くらのすけの映画日記

「シネマラムール」の管理人くらのすけの映画鑑賞日記です。 なるべく、見た直後の印象を書き込んでいるのでネタバレがある場合があります。その点ご了解ください。

映画感想「ビトレイヤー」

ビトレイヤー

さすがに、製作総指揮がリドリー・スコットだけある。非常にシャープでスタイリッシュな映像がファーストシーンから観客を引き込んでくれます。物語も、練り込まれすぎているのではと思えるほどに複雑に絡み合い、まるで近未来の映画のようにモダン。

幾何学的なメインタイトル映像が終わると、なにやだ近代的な画面が映る液晶画面の機器がとらえられ、ゆっくりとカメラが床に移動すると煙が漂っている。室内はSF映画を思わせるようなデザインになっていて、ゆっくりとパンすると、人が倒れている。そこへ背中に鞄を背負った数人の男が走り抜け、バイクにそれぞれ乗るのである。オレンジ色のナンバープレートを横に並べるカットから、ダイヤモンドの輝きのような夜の都会のショットがとらえられる。

犯罪者と思われる彼らを一台の車が追いかける。乗っているのはマックスという刑事である。追われているのは強奪事件を繰り返す大物犯罪者スタンウッドとその一味である。

疾走するバイク、真上から大きくとらえる夜の大都会の映像、追いかける一台の車。やがて、狭い路地にバイクが入っていくが、こんなロケ現場どこから探してきたのかと思えるほどに、近未来的な構図の場所を走り抜ける。車を降りて追いかけるマックス。一台のバイクをひっくり返すが、自分は丸腰なので、バイクの男スタンウッドに足を撃たれ、逃げられる。そして三年後。

息をのむほどに美しい夜のビル群のシーン。まさにリドリー・スコットがと得意とするカットだが、監督はエラン・クリーヴィーという人である。

飛行機の中でそわそわする一人の青年ルアン。彼あわてて飛行機を降りて、空港を走るところで誰かに撃たれる。父スタンウッドに電話。父のカット。彼方にオーロラが見える美しいショットにハッとさせられる。

こうして、息子の危機に、海外に逃亡していた父スタンウッドが戻ってきて、その気配にマックスがスタンウッドを待ちかまえる。一方でマックスと相棒でやや恋心もあるサラは、銃撃事件で犯人になったウォーンズが、なぜか突然釈放されたことへの疑念で、調査している。物語がどんどん錯綜してくる。もう少し、整理してシンプルにしてもよかったのではないかと思う。

銃器所持反対の風潮を覆すべき訴えをするワイズマンという議員とその事務長のジェーンの存在もちらほらとストーリーに政治色をからめてくる。

映像が美しいために、込み入ったストーリーとのバランスが微妙によくない。

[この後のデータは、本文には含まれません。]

lemma serial_run_if_common_write:
  assumes "\<forall>p. \<forall>T\<in>set (txns P p). x \<in> writes T"
  shows "(step False P)\<^sup>*\<^sup>* c c' \<Longrightarrow> wf_conf P c \<Longrightarrow> quiescent c' \<Longrightarrow> (step True P)\<^sup>*\<^sup>* c c'"
proof (induction rule: converse_rtranclp_induct)
  case (step c c1)
  then have wf1: "wf_conf P c1" using wf_conf_step by blast
  have "\<not> doomed x c1"
  proof
    assume "doomed x c1"
    then have "doomed x c'" using doomed_steps[OF assms step.hyps(2) wf1] by blast
    then show False using step.prems(2) by (simp add: doomed_def)
  qed
  with step.hyps(1) have "step True P c c1"
    by (rule step_serial_unless_doomed)
  then show ?case
    using step wf1 by (meson converse_rtranclp_into_rtranclp)
qed simp

definition completable :: "('p, 'x, 'r, 'v) program \<Rightarrow> ('p, 'x, 'r, 'v) config \<Rightarrow> 'p \<Rightarrow> bool" where
  "completable P c p \<longleftrightarrow> (\<forall>k. pos c p = Some k \<longrightarrow>
     local_run (snapw c p) (drop k (cur P c p)) (local_state c p) \<noteq> None)"

lemma completable_step_back:
  assumes "step ser P c c1" "completable P c1 p"
  shows "completable P c p"
  using assms(1)
proof (cases rule: step_cases)
  case (txn_begin q)
  then show ?thesis using assms(2)
    by (cases "q = p") (auto simp: completable_def local_state_def)
next
  case (instr q k)
  show ?thesis
  proof (cases "q = p")
    case True
    with instr have k: "pos c p = Some k" "k < length (cur P c p)" "pos c1 p = Some (Suc k)"
      and L1: "local_step (snapw c p) (cur P c p ! k) (local_state c p) = Some (local_state c1 p)"
      and "cur P c1 p = cur P c p" "snapw c1 p = snapw c p"
      by (auto simp: instr_step_def same_except_local_def cur_def)
    then have "local_run (snapw c p) (drop (Suc k) (cur P c p)) (local_state c1 p) \<noteq> None"
      using assms(2) by (simp add: completable_def)
    moreover have "drop k (cur P c p) = cur P c p ! k # drop (Suc k) (cur P c p)"
      using k(2) by (simp add: Cons_nth_drop_Suc)
    ultimately show ?thesis
      using k(1) L1 by (simp add: completable_def)
  next
    case False
    then show ?thesis
      using assms(2) same_except_local_other[of c c1 q p] instr
      by (simp add: completable_def instr_step_def cur_def)
  qed
next
  case (txn_commit q)
  then show ?thesis using assms(2)
    by (cases "q = p") (auto simp: completable_def local_state_def cur_def)
qed

lemma completable_if_quiescent_later:
  "(step ser P)\<^sup>*\<^sup>* c c' \<Longrightarrow> quiescent c' \<Longrightarrow> completable P c p"
proof (induction rule: converse_rtranclp_induct)
  case base then show ?case by (simp add: completable_def)
next
  case (step c c1) then show ?case by (blast intro: completable_step_back)
qed

subsection \<open>Single-variable programs\<close>

text \<open>For a pending writer, \<sigma>0 is the snapshot taken at its begin.\<close>

definition writer_sim :: "('p, 'x, 'r, 'v) program \<Rightarrow> ('p, 'x, 'r, 'v) config \<Rightarrow>
    ('p, 'x, 'r, 'v) config \<Rightarrow> 'p \<Rightarrow> nat \<Rightarrow> bool" where
  "writer_sim P c s q k \<longleftrightarrow> pc s q = pc c q \<and>
     (\<exists>\<sigma>0. local_run (snapw c q) (take k (cur P c q)) (regs s q, \<sigma>0, {}, {}) = Some (local_state c q) \<and>
        (\<forall>x. (\<forall>i\<in>set (cur P c q). accessed i \<subseteq> {x}) \<longrightarrow> x \<notin> writes_since_begin c q \<longrightarrow>
           \<sigma>0 x = mem c x \<and> snapw c q x = lastw c x))"

definition reader_sim :: "('p, 'x, 'r, 'v) program \<Rightarrow> ('p, 'x, 'r, 'v) config \<Rightarrow>
    ('p, 'x, 'r, 'v) config \<Rightarrow> 'p \<Rightarrow> nat \<Rightarrow> bool" where
  "reader_sim P c s q k \<longleftrightarrow> pc s q = Suc (pc c q) \<and>
     (\<exists>\<sigma>' w'. local_run (snapw c q) (drop k (cur P c q)) (local_state c q) =
        Some (regs s q, \<sigma>', w', rd_of s (q, pc c q)))"

definition pending_sim :: "('p, 'x, 'r, 'v) program \<Rightarrow> ('p, 'x, 'r, 'v) config \<Rightarrow>
    ('p, 'x, 'r, 'v) config \<Rightarrow> 'p \<Rightarrow> nat \<Rightarrow> bool" where
  "pending_sim P c s q k \<longleftrightarrow>
     (if writes (cur P c q) = {} then reader_sim P c s q k else writer_sim P c s q k)"

definition pending_readers :: "('p, 'x, 'r, 'v) program \<Rightarrow> ('p, 'x, 'r, 'v) config \<Rightarrow> 'p tid set" where
  "pending_readers P c = {(q, n). pos c q \<noteq> None \<and> n = pc c q \<and> writes (cur P c q) = {}}"

text \<open>The serial configuration s has run every transaction committed in c, and also every
  pending read-only transaction of c, serialized at its begin; pending writing transactions
  are serialized at their commit and have not started in s.\<close>

definition ser_sim :: "('p, 'x, 'r, 'v) program \<Rightarrow> ('p, 'x, 'r, 'v) config \<Rightarrow>
    ('p, 'x, 'r, 'v) config \<Rightarrow> bool" where
  "ser_sim P c s \<longleftrightarrow>
     quiescent s \<and> mem s = mem c \<and> lastw s = lastw c \<and>
     writer_log (clog s) = writer_log (clog c) \<and>
     fst ` set (clog s) = fst ` set (clog c) \<union> pending_readers P c \<and>
     (\<forall>q. pos c q = None \<longrightarrow> pc s q = pc c q \<and> regs s q = regs c q) \<and>
     (\<forall>q n. pos c q = None \<or> n \<noteq> pc c q \<longrightarrow> rd_of s (q, n) = rd_of c (q, n)) \<and>
     (\<forall>q k. pos c q = Some k \<longrightarrow> pending_sim P c s q k)"

lemma ser_simI:
  assumes "quiescent s" "mem s = mem c" "lastw s = lastw c"
    and "writer_log (clog s) = writer_log (clog c)"
    and "fst ` set (clog s) = fst ` set (clog c) \<union> pending_readers P c"
    and "\<And>q. pos c q = None \<Longrightarrow> pc s q = pc c q \<and> regs s q = regs c q"
    and "\<And>q n. pos c q = None \<or> n \<noteq> pc c q \<Longrightarrow> rd_of s (q, n) = rd_of c (q, n)"
    and "\<And>q k. pos c q = Some k \<Longrightarrow> pending_sim P c s q k"
  shows "ser_sim P c s"
  using assms by (simp add: ser_sim_def)

lemma ser_simD:
  assumes "ser_sim P c s"
  shows "quiescent s" "mem s = mem c" "lastw s = lastw c"
    and "writer_log (clog s) = writer_log (clog c)"
    and "fst ` set (clog s) = fst ` set (clog c) \<union> pending_readers P c"
    and "pos c q = None \<Longrightarrow> pc s q = pc c q" "pos c q = None \<Longrightarrow> regs s q = regs c q"
    and "pos c q = None \<or> n \<noteq> pc c q \<Longrightarrow> rd_of s (q, n) = rd_of c (q, n)"
    and "pos c q = Some k \<Longrightarrow> pending_sim P c s q k"
  using assms by (auto simp: ser_sim_def)

lemma ser_sim_init: "ser_sim P (init_conf P) (init_conf P)"
  by (simp add: ser_sim_def init_conf_def pending_readers_def)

お互いが牽制してしまって、一本の作品として、製作側の意図がぼやけてしまっているのである。

映像を全面に出した作り方をするのか、ストーリー展開のおもしろさに重点を置いた演出を施すのか、一方を主に一方を従にした演出をすればもう少しシンプルで娯楽色の強い佳作になった気がしないでもない。

結局、息子が死んでしまったスタンウッドと、サラを殺されたマックスが手を組んで、本来の悪者であった警察長のトム、さらに銃器拡販をし、武器輸入を促進すべき利害の絡んだキンケード社、武器密売のウォーレスの絡み合いがどんどん、ストーリーを複雑に構築していき、終盤で一気に真相を明らかにするとはいえ、ちょっと、懲りすぎた帰来があったかな。

ラストは、密輸した銃器を保管していたコンテナターミナルでの銃撃戦。マックスとスタンウッドが、トムやウォーレスと撃ち合う。そして、当然正義は勝つのだが、マックスはスタンウッドを逃がしてやってエンディング。

シンメトリーなカットや真上からの俯瞰撮影、光や照明を効果的に画面に取り入れた映像がとにかく美しい。ほとんどのシーンを夜の都会や暗い室内を中心にした映像づくりにはかなりのこだわりがあるようであるし、時折はいる見上げたショットなども実に美しい。ストーリーがやや煩雑すぎるのも映像の美しさに惑わされてしまうためかもしれない。でも、見逃せない一本だった気がします。おもしろかった。